元・副会長のCinema Days

映画の感想文を中心に、好き勝手なことを語っていきます。

「エンド・オブ・ロード」

2022-10-07 06:22:21 | 映画の感想(あ行)

 (原題:END OF THE ROAD )2022年9月よりNetflixにて配信された、ロードムービー仕立てのサスペンスドラマ。たぶん劇場で鑑賞したならば物足りなさで釈然としない気分で劇場を後にしたかもしれないが、テレビ画面だとちょうど良い。深みは無いが視聴者を退屈させないだけのモチーフは取り揃えており、上映時間も91分とコンパクトにまとめられている。

 ロスアンジェルスに住むブレンダは夫を亡くし、生活も困窮してきたため2人の子供と弟のレジーと共にテキサス州に引っ越すことを決める。ところが、目的地に向けて車を走らせる一同が泊まったモーテルの隣の部屋で殺人事件が発生。ブレンダは目撃者として警察の事情聴取を受けた後にその場を離れるが、何とレジーが現場のクローゼットに隠されていた大金を失敬していた。その金は地元アリゾナ州で悪名を轟かせていた大物ギャングのものだった。たちまち一家は悪者どもからの追撃を受けるハメになる。

 ブレンダは一見普通のオバサンだが、実は腕に覚えがあったり、レジーの行動が後先考えない無謀なものであったりとか、やや強引な筋立てが気になるところだ。しかし、一家に降りかかる災難がスピーディーに繰り出され、飽きさせない。特に、長男が誘拐されてそれを助けに行こうとするブレンダが、途中で別のトラブルに遭遇してしまうあたりの焦燥感はよく出ていた。終盤に明らかになる敵の親玉の正体も効果的だ。

 それにしても、ちょっとしたことで厄介事に巻き込まれるアメリカの田舎は実にリスキーな世界だ。これが都市部ならば常識を持ち合わせた者が少なくないのだろうが、主要幹線道路を少し外れた過疎地域では、ワイルドな所業が今でも横行している。足を運ぶ際は気を付けたいものだ(いや、たぶんそんな機会は無いと思うけど ^^;)。

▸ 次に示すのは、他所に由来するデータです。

(* For every $\theta\in\mathbb R$ there exists a unique $\tau^\star=\tau^\star(\theta)\in(-x_u,x_q)$ such that $s_1(\theta,\tau^\star)=s_2(\theta,\tau^\star)$. (The paper calls $\tau^\star$ the equalizing prejudice and $s(\tau^\star):=s_1(\theta,\tau^\star)=s_2(\theta,\tau^\star)$ the equalized score.)
   Context: Setup. Let $Q\in\{0,1\}$ be a random variable with $\mathbb P(Q=1)=\pi\in(0,1)$, and let $(\Theta,\Gamma)$ be a real-valued random vector whose conditional joint density given $Q=1$ is $h_q(\theta,\gamma)$ and given $Q=0$ is $h_u(\theta,\gamma)$, both strictly positive on $\mathbb R^2$ (so $\Theta,\Gamma$ are continuous random variables and the conditional law of $\Gamma$ given $\Theta=\theta$, also given $Q$, has full support). Monotone likelihood ratio assumption: $l(\theta,\gamma)=h_q(\theta,\gamma)/h_u(\theta,\gamma)$ is continuous and strictly increasing in each of $\theta$ and $\gamma$, and for each $\theta$ the map $\gamma\mapsto l(\theta,\gamma)$ has infimum $0$ and supremum $+\infty$. Fix payoffs $x_q>0$, $x_u>0$. For a prejudice level $\tau\in(-x_u,x_q)$ let $A(\tau)=\mathbb 1\{l(\Theta,\Gamma)>\frac{(1-\pi)(x_u+\tau)}{\pi(x_q-\tau)}\}$ (equivalently, with $\kappa(\theta,\gamma)=\mathbb P(Q=1\mid\Theta=\theta,\Gamma=\gamma)$, accept iff $\kappa x_q-(1-\kappa)x_u>\tau$). Define the scores $s_1(\theta,\tau)=\mathbb E[Q\mid\Theta=\theta,A(\tau)=1]$ and $s_2(\theta,\tau)=\mathbb E[A(\tau)\mid\Theta=\theta]=\mathbb P(A(\tau)=1\mid\Theta=\theta)$. Write $\phi(\theta)=\mathbb P(Q=1\mid\Theta=\theta)$. *)

theory Defs
  imports "HOL-Analysis.Analysis"
begin
lemma pmf_mult_min_is_ratio:
  assumes "0 \<le> c"
  shows "pmf (\<pi>' s) a * min c (is_ratio \<pi> \<pi>' s a) = min (c * pmf (\<pi>' s) a) (pmf (\<pi> s) a)"
proof (cases "pmf (\<pi>' s) a = 0")
  case True
  then have "pmf (\<pi> s) a = 0" using supp[of s a] pmf_nonneg[of "\<pi> s" a] by linarith
  then show ?thesis using True by simp
next
  case False
  then have "0 < pmf (\<pi>' s) a" using pmf_nonneg[of "\<pi>' s" a] by linarith
  then show ?thesis
    by (simp add: is_ratio_def min_mult_distrib_left mult.commute)
qed

lemma pmf_mult_rho_trunc: "pmf (\<pi>' s) a * rho_trunc s a = min (\<rho>bar * pmf (\<pi>' s) a) (pmf (\<pi> s) a)"
  unfolding rho_trunc_def using trunc by (intro pmf_mult_min_is_ratio) auto

lemma pmf_mult_c_trunc: "pmf (\<pi>' s) a * c_trunc s a = min (cbar * pmf (\<pi>' s) a) (pmf (\<pi> s) a)"
  unfolding c_trunc_def using trunc by (intro pmf_mult_min_is_ratio) auto

lemma mean_rho_le_1: "mean_rho s \<le> 1"
  using sum_mono[of UNIV "\<lambda>a. pmf (\<pi>' s) a * rho_trunc s a" "pmf (\<pi> s)"]
  by (simp add: mean_rho_def pmf_mult_rho_trunc sum_pmf_UNIV)

lemma mean_c_le_1: "mean_c s \<le> 1"
  using sum_mono[of UNIV "\<lambda>a. pmf (\<pi>' s) a * c_trunc s a" "pmf (\<pi> s)"]
  by (simp add: mean_c_def pmf_mult_c_trunc sum_pmf_UNIV)

lemma mean_c_nonneg: "0 \<le> mean_c s"
  unfolding mean_c_def by (intro sum_nonneg) (simp add: c_trunc_nonneg)

lemma mean_rho_pos: "0 < mean_rho s"
proof -
  obtain a where a: "0 < pmf (\<pi> s) a"
    using sum_pmf_UNIV[of "\<pi> s"] pmf_nonneg[of "\<pi> s"]
    by (metis less_eq_real_def sum.neutral zero_neq_one)
  have "0 < pmf (\<pi>' s) a * rho_trunc s a" unfolding pmf_mult_rho_trunc using a supp[OF a] trunc by auto
  also have "\<dots> \<le> mean_rho s" unfolding mean_rho_def
    by (rule member_le_sum) (auto simp: rho_trunc_nonneg)
  finally show ?thesis .
qed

 ミリセント・シェルトンの演出は安全運転に徹し、突出した部分は無いが堅実だ。ラストの扱いも気が利いている。主役のクイーン・ラティファは好演。レジーに扮するクリス・“リュダクリス”・ブリッジスとのコンビネーションも良好だ。マケイラ・フェイス・リーやフランシス・リー・マッケイン、ショーン・ディクソンといった脇の面子も及第点。超ベテランのボー・ブリッジスの姿が久々に見られたのも良かった。